#### HOW TO COMPLETE THIS TASK
Which lines of the entries hold the string "rowsX"? Copy each one.

#### SUPPLIED MATERIAL

(* Let $X$ be a finite, connected geometric simplicial complex with vertex set $V$, let $q \in [1,\infty)$, and let $f,g: X \to \mathbb{R}$ be functions each obtained from a function on $V$ by extending linearly over the simplices of $X$. Let $p$ be a balanced probability distribution on $V$. Then \[ d^{GW}_q(G_f,G_g) \leq \tfrac{1}{2}\, |V|^{2/q}\, \|f-g\|_{L^q(p)}. \]
   Context: Merge tree: for $f: X\to\mathbb{R}$, declare $x\sim y$ if $f(x)=f(y)=a$ and $x,y$ lie in the same connected component of the sublevel set $f^{-1}(-\infty,a]$; the merge tree is the quotient $T_f = X/\!\sim$, and $f$ descends to a function on $T_f$ (still denoted $f$). Let $\pi_f: V \to T_f$ be the restriction of the quotient map to the vertex set. The least common ancestor (LCA) matrix $W_f \in \mathbb{R}^{V\times V}$ is defined by $W_f(v,w)$ = the maximum value of $f$ along the unique geodesic (simple) path from $\pi_f(v)$ to $\pi_f(w)$ in the tree $T_f$. A probability distribution $p$ on $V$ is balanced if $p(u)p(v)\le p(w)$ for all $u,v,w\in V$. The measure network of $f$ is $G_f=(V,p,W_f)$. Weighted norm: $\|h\|_{L^q(p)} = (\sum_{v\in V}|h(v)|^q p(v))^{1/q}$ for $h:V\to\mathbb{R}$. For finite measure networks $G_1=(V_1,p_1,W_1)$, $G_2=(V_2,p_2,W_2)$ (with $p_i$ probability vectors and $W_i$ real square matrices indexed by $V_i$), let $\mathcal{C}(p_1,p_2)$ be the set of nonnegative matrices $C\in\mathbb{R}_+^{V_1\times V_2}$ with row sums $p_1$ and column sums $p_2$, and \[ d^{GW}_q(G_1,G_2) = \tfrac12 \min_{C\in\mathcal{C}(p_1,p_2)} \Big(\sum_{i,k\in V_1}\sum_{j,l\in V_2} |W_1(i,k)-W_2(j,l)|^q C_{i,j}C_{k,l}\Big)^{1/q}. \] *)

theory Defs
  imports "HOL-Analysis.Analysis"
begin

definition geom_simplicial_complex :: "'v set set \<Rightarrow> ('v \<Rightarrow> 'a::euclidean_space) \<Rightarrow> bool" where
  "geom_simplicial_complex K pos \<longleftrightarrow>
     finite K \<and>
     (\<forall>\<sigma>\<in>K. \<sigma> \<noteq> {} \<and> finite \<sigma> \<and> (\<forall>\<tau>. \<tau> \<subseteq> \<sigma> \<and> \<tau> \<noteq> {} \<longrightarrow> \<tau> \<in> K)) \<and>
     (\<forall>\<sigma>\<in>K. inj_on pos \<sigma> \<and> \<not> affine_dependent (pos ` \<sigma>)) \<and>
     (\<forall>\<sigma>\<in>K. \<forall>\<tau>\<in>K. convex hull (pos ` \<sigma>) \<inter> convex hull (pos ` \<tau>) = convex hull (pos ` (\<sigma> \<inter> \<tau>)))"

definition vertices :: "'v set set \<Rightarrow> 'v set" where
  "vertices K = \<Union>K"

definition realization :: "'v set set \<Rightarrow> ('v \<Rightarrow> 'a::euclidean_space) \<Rightarrow> 'a set" where
  "realization K pos = (\<Union>\<sigma>\<in>K. convex hull (pos ` \<sigma>))"

definition piecewise_linear :: "'v set set \<Rightarrow> ('v \<Rightarrow> 'a::euclidean_space) \<Rightarrow> ('a \<Rightarrow> real) \<Rightarrow> bool" where
  "piecewise_linear K pos f \<longleftrightarrow>
     (\<forall>\<sigma>\<in>K. \<forall>l::'v \<Rightarrow> real. (\<forall>v\<in>\<sigma>. 0 \<le> l v) \<and> sum l \<sigma> = 1 \<longrightarrow>
        f (\<Sum>v\<in>\<sigma>. l v *\<^sub>R pos v) = (\<Sum>v\<in>\<sigma>. l v * f (pos v)))"

definition merge_rel :: "'a::euclidean_space set \<Rightarrow> ('a \<Rightarrow> real) \<Rightarrow> 'a \<Rightarrow> 'a \<Rightarrow> bool" where
  "merge_rel X f x y \<longleftrightarrow> x \<in> X \<and> y \<in> X \<and> f x = f y \<and>
      connected_component {z \<in> X. f z \<le> f x} x y"

definition merge_class :: "'a::euclidean_space set \<Rightarrow> ('a \<Rightarrow> real) \<Rightarrow> 'a \<Rightarrow> 'a set" where
  "merge_class X f x = {y. merge_rel X f x y}"

definition merge_tree :: "'a::euclidean_space set \<Rightarrow> ('a \<Rightarrow> real) \<Rightarrow> 'a set topology" where
  "merge_tree X f = topology (\<lambda>U. U \<subseteq> merge_class X f ` X \<and>
      openin (top_of_set X) {x \<in> X. merge_class X f x \<in> U})"

definition merge_fun :: "('a \<Rightarrow> real) \<Rightarrow> 'a set \<Rightarrow> real" where
  "merge_fun f c = f (SOME x. x \<in> c)"
lemma det_le_fact_mult_power:
  fixes A :: "real^'n^'n"
  assumes "\<And>i j. \<bar>A $ i $ j\<bar> \<le> L"
  shows "det A \<le> fact CARD('n) * L ^ CARD('n)"
proof -
  have "\<bar>of_int (sign p) * (\<Prod>i\<in>UNIV. A $ i $ p i)\<bar> \<le> L ^ CARD('n)" for p
  proof -
    have "(\<Prod>i\<in>UNIV. \<bar>A $ i $ p i\<bar>) \<le> (\<Prod>i\<in>(UNIV::'n set). L)"
      by (rule prod_mono) (use assms in auto)
    then show ?thesis by (simp add: abs_mult sign_def abs_prod)
  qed
  then have "\<bar>det A\<bar> \<le> (\<Sum>p\<in>{p. p permutes (UNIV::'n set)}. L ^ CARD('n))"
    unfolding det_def by (intro order_trans[OF sum_abs] sum_mono)
  then show ?thesis by (simp add: card_permutations)
qed

section \<open>Quadratic forms and projections\<close>

definition qform :: "real^'n^'n \<Rightarrow> real^'n \<Rightarrow> real" where
  "qform P x = x \<bullet> (P *v x)"

lemma inner_matrix_vector_sym:
  fixes P :: "real^'n^'n"
  assumes "transpose P = P"
  shows "x \<bullet> (P *v y) = y \<bullet> (P *v x)"
  by (metis assms dot_lmul_matrix inner_commute transpose_matrix_vector)

lemma qform_outer: "qform (outer v) x = (v \<bullet> x)\<^sup>2"
  by (simp add: qform_def inner_vec_def matrix_vector_mult_def outer_def power2_eq_square
      sum_distrib_left sum_distrib_right sum_product mult_ac)

lemma qform_minus [simp]: "qform P (- x) = qform P x"
  by (simp add: qform_def vec.neg)

lemma qform_add_scaleR:
  assumes "transpose P = P"
  shows "qform P (x + s *\<^sub>R y) = qform P x + 2 * s * (x \<bullet> (P *v y)) + s\<^sup>2 * qform P y"
  using inner_matrix_vector_sym[OF assms, of y x]
  by (simp add: qform_def matrix_vector_right_distrib matrix_vector_mult_scaleR inner_add_left
      inner_add_right power2_eq_square algebra_simps)

lemma qform_diff:
  assumes "transpose P = P"
  shows "qform P x - qform P y = (x - y) \<bullet> (P *v (x + y))"
  using inner_matrix_vector_sym[OF assms, of x y]
  by (simp add: qform_def matrix_vector_right_distrib inner_diff_left inner_add_right algebra_simps)

lemma abs_inner_matrix_vector_le:
  fixes A :: "real^'n^'n"
  assumes "\<And>i j. \<bar>A $ i $ j\<bar> \<le> L"
  shows "\<bar>x \<bullet> (A *v y)\<bar> \<le> L * CARD('n)\<^sup>2 * norm x * norm y"
proof -
  have "0 \<le> L" using order_trans[OF abs_ge_zero assms] .
  then have "\<bar>x $ i * A $ i $ j * y $ j\<bar> \<le> norm x * L * norm y" for i j
    unfolding abs_mult by (intro mult_mono component_le_norm_cart assms) auto
  then have "\<bar>\<Sum>i\<in>UNIV. \<Sum>j\<in>UNIV. x $ i * A $ i $ j * y $ j\<bar>
      \<le> (\<Sum>i\<in>(UNIV::'n set). \<Sum>j\<in>(UNIV::'n set). norm x * L * norm y)"
    by (intro order_trans[OF sum_abs] sum_mono order_trans[OF sum_abs]) auto
  moreover have "x \<bullet> (A *v y) = (\<Sum>i\<in>UNIV. \<Sum>j\<in>UNIV. x $ i * A $ i $ j * y $ j)"
    by (simp add: inner_vec_def matrix_vector_mult_def sum_distrib_left mult_ac)
  ultimately show ?thesis by (simp add: power2_eq_square mult_ac)
qed

lemma qform_min_variational_ineq:
  assumes sym: "transpose P = P" and psd: "\<And>x. 0 \<le> qform P x"
    and "convex S" "x \<in> S" "u \<in> S"
    and min: "\<forall>z\<in>S. qform P (x - y) \<le> qform P (z - y)"
  shows "0 \<le> (x - y) \<bullet> (P *v (u - x))"
proof (rule ccontr)
  let ?c = "(x - y) \<bullet> (P *v (u - x))" and ?Q = "qform P (u - x)"
  assume "\<not> 0 \<le> ?c"
  define s where "s = min 1 (- ?c / (?Q + 1))"
  have Q: "0 \<le> ?Q" by (rule psd)
  have "0 < - ?c / (?Q + 1)" using \<open>\<not> 0 \<le> ?c\<close> Q by (intro divide_pos_pos) auto
  then have s: "0 < s" "s \<le> 1" by (auto simp: s_def)
  have "s * ?Q \<le> - ?c / (?Q + 1) * ?Q" by (intro mult_right_mono Q) (simp add: s_def)
  also have "\<dots> < - ?c" using Q \<open>\<not> 0 \<le> ?c\<close> by (simp add: field_simps)
  finally have "2 * ?c + s * ?Q < 0" using \<open>\<not> 0 \<le> ?c\<close> by linarith
  then have neg: "s * (2 * ?c + s * ?Q) < 0" using s by (simp add: mult_pos_neg)
  have "x + s *\<^sub>R (u - x) = (1 - s) *\<^sub>R x + s *\<^sub>R u" by (simp add: algebra_simps)
  then have "x + s *\<^sub>R (u - x) \<in> S" using convexD[OF assms(3-5), of "1 - s" s] s by simp
  moreover have "(x + s *\<^sub>R (u - x)) - y = (x - y) + s *\<^sub>R (u - x)" by (simp add: algebra_simps)
  ultimately have "qform P (x - y) \<le> qform P ((x - y) + s *\<^sub>R (u - x))"
    using min by metis
  then show False using neg unfolding qform_add_scaleR[OF sym] by (simp add: power2_eq_square algebra_simps)
qed
definition clarified :: "nat \<Rightarrow> nat \<Rightarrow> bmat \<Rightarrow> bool" where
  "clarified n m I \<longleftrightarrow>
     (\<forall>i1\<in>rowsX n. \<forall>i2\<in>rowsX n. (\<forall>j\<in>colsY m. I i1 j = I i2 j) \<longrightarrow> i1 = i2) \<and>
     (\<forall>j1\<in>colsY m. \<forall>j2\<in>colsY m. (\<forall>i\<in>rowsX n. I i j1 = I i j2) \<longrightarrow> j1 = j2)"

definition up :: "nat \<Rightarrow> nat \<Rightarrow> bmat \<Rightarrow> nat set \<Rightarrow> nat set" where
  "up n m I C = {j\<in>colsY m. \<forall>i\<in>C. I i j}"

definition down :: "nat \<Rightarrow> nat \<Rightarrow> bmat \<Rightarrow> nat set \<Rightarrow> nat set" where
  "down n m I D = {i\<in>rowsX n. \<forall>j\<in>D. I i j}"

definition concepts :: "nat \<Rightarrow> nat \<Rightarrow> bmat \<Rightarrow> (nat set \<times> nat set) set" where
  "concepts n m I = {(C, D). C \<subseteq> rowsX n \<and> D \<subseteq> colsY m \<and> up n m I C = D \<and> down n m I D = C}"

definition concept_le :: "nat set \<times> nat set \<Rightarrow> nat set \<times> nat set \<Rightarrow> bool" where
  "concept_le c1 c2 \<longleftrightarrow> fst c1 \<subseteq> fst c2"

definition gamma :: "nat \<Rightarrow> nat \<Rightarrow> bmat \<Rightarrow> nat \<Rightarrow> nat set \<times> nat set" where
  "gamma n m I i = (down n m I (up n m I {i}), up n m I {i})"

definition mu :: "nat \<Rightarrow> nat \<Rightarrow> bmat \<Rightarrow> nat \<Rightarrow> nat set \<times> nat set" where
  "mu n m I j = (down n m I {j}, up n m I (down n m I {j}))"

definition interval :: "nat \<Rightarrow> nat \<Rightarrow> bmat \<Rightarrow> nat \<Rightarrow> nat \<Rightarrow> (nat set \<times> nat set) set" where
  "interval n m I i j = {c\<in>concepts n m I. concept_le (gamma n m I i) c \<and> concept_le c (mu n m I j)}"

#### SOLVED PROBLEM
     (\<forall>i1\<in>rowsX n. \<forall>i2\<in>rowsX n. (\<forall>j\<in>colsY m. I i1 j = I i2 j) \<longrightarrow> i1 = i2) \<and>
     (\<forall>j1\<in>colsY m. \<forall>j2\<in>colsY m. (\<forall>i\<in>rowsX n. I i j1 = I i j2) \<longrightarrow> j1 = j2)"
  "down n m I D = {i\<in>rowsX n. \<forall>j\<in>D. I i j}"
  "concepts n m I = {(C, D). C \<subseteq> rowsX n \<and> D \<subseteq> colsY m \<and> up n m I C = D \<and> down n m I D = C}"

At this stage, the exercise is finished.